2. De subsidie wordt enkel verstrekt aan een MKB-onderneming:
a. waarvan het omzetverlies ten minste 30% bedraagt;
b. waarvan de uitkomst van de vermenigvuldiging van A en C ten minste € 3.000 bedraagt;
(…)
Artikel 2.1.2. (bepaling omzetverlies)
1. Het omzetverlies wordt berekend door het verschil tussen de omzet in de referentieperiode en de omzet in de subsidieperiode te bepalen en deze te delen door de omzet in de referentieperiode. De uitkomst van deze berekening wordt uitgedrukt in procenten.
2. De omzet in de referentieperiode is de omzet in het vierde kalenderkwartaal van 2019.
(…)
4. De omzet in de subsidieperiode is de omzet in het vierde kalenderkwartaal van 2020.

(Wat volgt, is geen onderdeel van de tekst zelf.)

lemma cylinder_in_sets_mu: "(\<And>i. i < m \<Longrightarrow> C i \<in> sets borel) \<Longrightarrow> {x. \<forall>i<m. x i \<in> C i} \<in> sets mu"
  unfolding sets_mu B_inf_def cylinders_def by (rule sigma_sets.Basic) blast

lemma cube_in_sets_mu: "cube a \<in> sets mu"
proof -
  define C where "C i = {real_of_int (a i) ..< real_of_int (a i) + 1}" for i
  have "cube a = (\<Inter>m. {x. \<forall>i<m. x i \<in> C i})"
    unfolding cube_def C_def by auto (meson lessI)+
  also have "\<dots> \<in> sets mu"
  proof -
    have "{x. \<forall>i<m. x i \<in> C i} \<in> sets mu" for m
      by (rule cylinder_in_sets_mu) (simp add: C_def)
    then show ?thesis
      by (intro sets.countable_INT') auto
  qed
  finally show ?thesis .
qed

lemma nn_integral_powr_on_eq_0_iff:
  assumes "A \<in> sets M" and [measurable]: "f \<in> borel_measurable M"
  shows "(\<integral>\<^sup>+x\<in>A. ennreal (\<bar>f x\<bar> powr p) \<partial>M) = 0 \<longleftrightarrow> (AE x in M. x \<in> A \<longrightarrow> f x = 0)"
  using assms(1) by (subst nn_integral_0_iff_AE) (auto simp: indicator_def intro!: AE_cong)

lemma Bp_iff: "f \<in> Bp p \<longleftrightarrow> f \<in> Lp_space mu p \<and> (\<forall>a. AE x in mu. x \<in> cube a \<longrightarrow> f x = 0)"
  by (auto simp: Bp_def Lp_eq_Lp_space nn_integral_powr_on_eq_0_iff[OF cube_in_sets_mu]
           dest: Lp_space_borel_measurable)

lemma AE_eq_0_on_if_AE_tendsto:
  assumes "\<And>k. AE x in M. x \<in> A \<longrightarrow> h k x = 0" and "AE x in M. (\<lambda>k. h k x) \<longlonglongrightarrow> g x"
  shows "AE x in M. x \<in> A \<longrightarrow> g x = (0::real)"
proof -
  have "AE x in M. \<forall>k. x \<in> A \<longrightarrow> h k x = 0"
    using assms(1) by (intro AE_all_countable[THEN iffD2]) blast
  then show ?thesis
    using assms(2) by eventually_elim (auto simp: LIMSEQ_const_iff)
qed

lemma zero_in_Bp: "(\<lambda>x. 0) \<in> Bp p"
  by (simp add: Bp_iff Lp_space_def)

lemma Bp_add:
  assumes "f \<in> Bp p" "g \<in> Bp p" "0 < p"
  shows "(\<lambda>x. f x + g x) \<in> Bp p"
proof -
  have "AE x in mu. x \<in> cube a \<longrightarrow> f x + g x = 0" for a
  proof -
    have "AE x in mu. x \<in> cube a \<longrightarrow> f x = 0" "AE x in mu. x \<in> cube a \<longrightarrow> g x = 0"
      using assms(1,2) by (simp_all add: Bp_iff)
    then show ?thesis
      by eventually_elim simp
  qed
  then show ?thesis
    using assms by (simp add: Bp_iff Lp_space_add)
qed

lemma Bp_cmult:
  assumes "f \<in> Bp p"
  shows "(\<lambda>x. c * f x) \<in> Bp p"
  using assms by (auto simp: Bp_iff Lp_space_cmult elim!: eventually_mono)
(* Let $M$ be a von Neumann algebra acting on a separable Hilbert space $\mathcal H$, let $\Omega\in\mathcal H$ be a separating vector for $M$, and let $T\in\mathcal B(\mathcal H)$ satisfy $\ker T=\{0\}$ and be such that the linear map $M\ni x\mapsto Tx\Omega\in\mathcal H$ is compact. Then $L(x):=\|Tx\Omega\|$ is a dual-Lip-norm on $M$, i.e. $(M,L)$ is a Lip-von Neumann algebra.
   Context: A dual-Lip-norm on a von Neumann algebra $M$ is a norm on $M$ (everywhere finite) which induces the $w^*$-topology on bounded subsets of $M$; a Lip-von Neumann algebra is a von Neumann algebra endowed with such a norm. A linear map between Banach spaces is compact if it maps the closed unit ball to a relatively norm-compact set. *)

theory Defs
  imports "HOL-Analysis.Analysis"
begin

text \<open>A complex Hilbert space is modelled as a real Hilbert space 'h
(class real_inner + complete_space, the real inner product being the real part
of the complex one) together with a complex structure J (multiplication by i):
a real-linear isometry with J o J = -id.\<close>

definition complex_structure :: "('h::{real_inner,complete_space} \<Rightarrow>\<^sub>L 'h) \<Rightarrow> bool" where
  "complex_structure J \<longleftrightarrow>
     (\<forall>x. J (J x) = - x) \<and> (\<forall>x y. inner (J x) (J y) = inner x y)"

text \<open>Bounded complex-linear operators (elements of B(H)): bounded real-linear maps commuting with J.\<close>
definition bounded_op :: "('h::{real_inner,complete_space} \<Rightarrow>\<^sub>L 'h) \<Rightarrow> ('h \<Rightarrow>\<^sub>L 'h) \<Rightarrow> bool" where
  "bounded_op J x \<longleftrightarrow> J o\<^sub>L x = x o\<^sub>L J"

definition cscale_op :: "('h::{real_inner,complete_space} \<Rightarrow>\<^sub>L 'h) \<Rightarrow> complex \<Rightarrow> ('h \<Rightarrow>\<^sub>L 'h) \<Rightarrow> ('h \<Rightarrow>\<^sub>L 'h)" where
  "cscale_op J c x = Re c *\<^sub>R x + Im c *\<^sub>R (J o\<^sub>L x)"

definition is_adjoint :: "('h::real_inner \<Rightarrow>\<^sub>L 'h) \<Rightarrow> ('h \<Rightarrow>\<^sub>L 'h) \<Rightarrow> bool" where
  "is_adjoint x y \<longleftrightarrow> (\<forall>u v. inner (x u) v = inner u (y v))"

definition commutant :: "('h::{real_inner,complete_space} \<Rightarrow>\<^sub>L 'h) \<Rightarrow> ('h \<Rightarrow>\<^sub>L 'h) set \<Rightarrow> ('h \<Rightarrow>\<^sub>L 'h) set" where
  "commutant J S = {y. bounded_op J y \<and> (\<forall>x\<in>S. x o\<^sub>L y = y o\<^sub>L x)}"

definition von_neumann_algebra :: "('h::{real_inner,complete_space} \<Rightarrow>\<^sub>L 'h) \<Rightarrow> ('h \<Rightarrow>\<^sub>L 'h) set \<Rightarrow> bool" where
  "von_neumann_algebra J M \<longleftrightarrow>
     M \<subseteq> {x. bounded_op J x} \<and> (\<forall>x\<in>M. \<exists>y\<in>M. is_adjoint x y) \<and>
     commutant J (commutant J M) = M"

definition separating_vector :: "('h::{real_inner,complete_space} \<Rightarrow>\<^sub>L 'h) set \<Rightarrow> 'h \<Rightarrow> bool" where
  "separating_vector M \<Omega> \<longleftrightarrow> (\<forall>x\<in>M. blinfun_apply x \<Omega> = 0 \<longrightarrow> x = (0::'h \<Rightarrow>\<^sub>L 'h))"

text \<open>The sigma-weak (= w*) topology on B(H): the weak topology induced by the normal
functionals x \<mapsto> \<Sum>n <x \<xi>_n, \<eta>_n> with \<Sum>||\<xi>_n||^2, \<Sum>||\<eta>_n||^2 < \<infinity>.
(Real parts suffice: the imaginary part of such a functional is the real part of another one.)\<close>
definition normal_functional :: "('h::{real_inner,complete_space} \<Rightarrow>\<^sub>L 'h) \<Rightarrow> ('h \<Rightarrow>\<^sub>L 'h \<Rightarrow> real) \<Rightarrow> bool" where
  "normal_functional J \<phi> \<longleftrightarrow> (\<exists>\<xi> \<eta> :: nat \<Rightarrow> 'h.
      summable (\<lambda>n. (norm (\<xi> n))\<^sup>2) \<and> summable (\<lambda>n. (norm (\<eta> n))\<^sup>2) \<and>
      \<phi> = (\<lambda>x. \<Sum>n. inner (x (\<xi> n)) (\<eta> n)))"

definition sigma_weak_topology :: "('h::{real_inner,complete_space} \<Rightarrow>\<^sub>L 'h) \<Rightarrow> ('h \<Rightarrow>\<^sub>L 'h) topology" where
  "sigma_weak_topology J = topology_generated_by
     {{x. \<phi> x \<in> U} | \<phi> U. normal_functional J \<phi> \<and> open U}"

5. Indien de getroffen MKB-onderneming omzetbelasting betaalt over het geheel van de bedragen op basis waarvan haar omzetverlies wordt berekend, wordt als de omzet van de onderneming beschouwd het bedrag ten aanzien waarvan zij aangifte doet voor de omzetbelasting, overeenkomstig het bepaalde bij en krachtens de Wet op de omzetbelasting 1968.
6. Voor andere getroffen MKB-ondernemingen dan de ondernemingen, bedoeld in het vijfde lid, is de omzet het bedrag van de omzet zoals dat op eenvoudige en duidelijke wijze blijkt uit de financiële administratie van de onderneming of uit een ander bewijsstuk.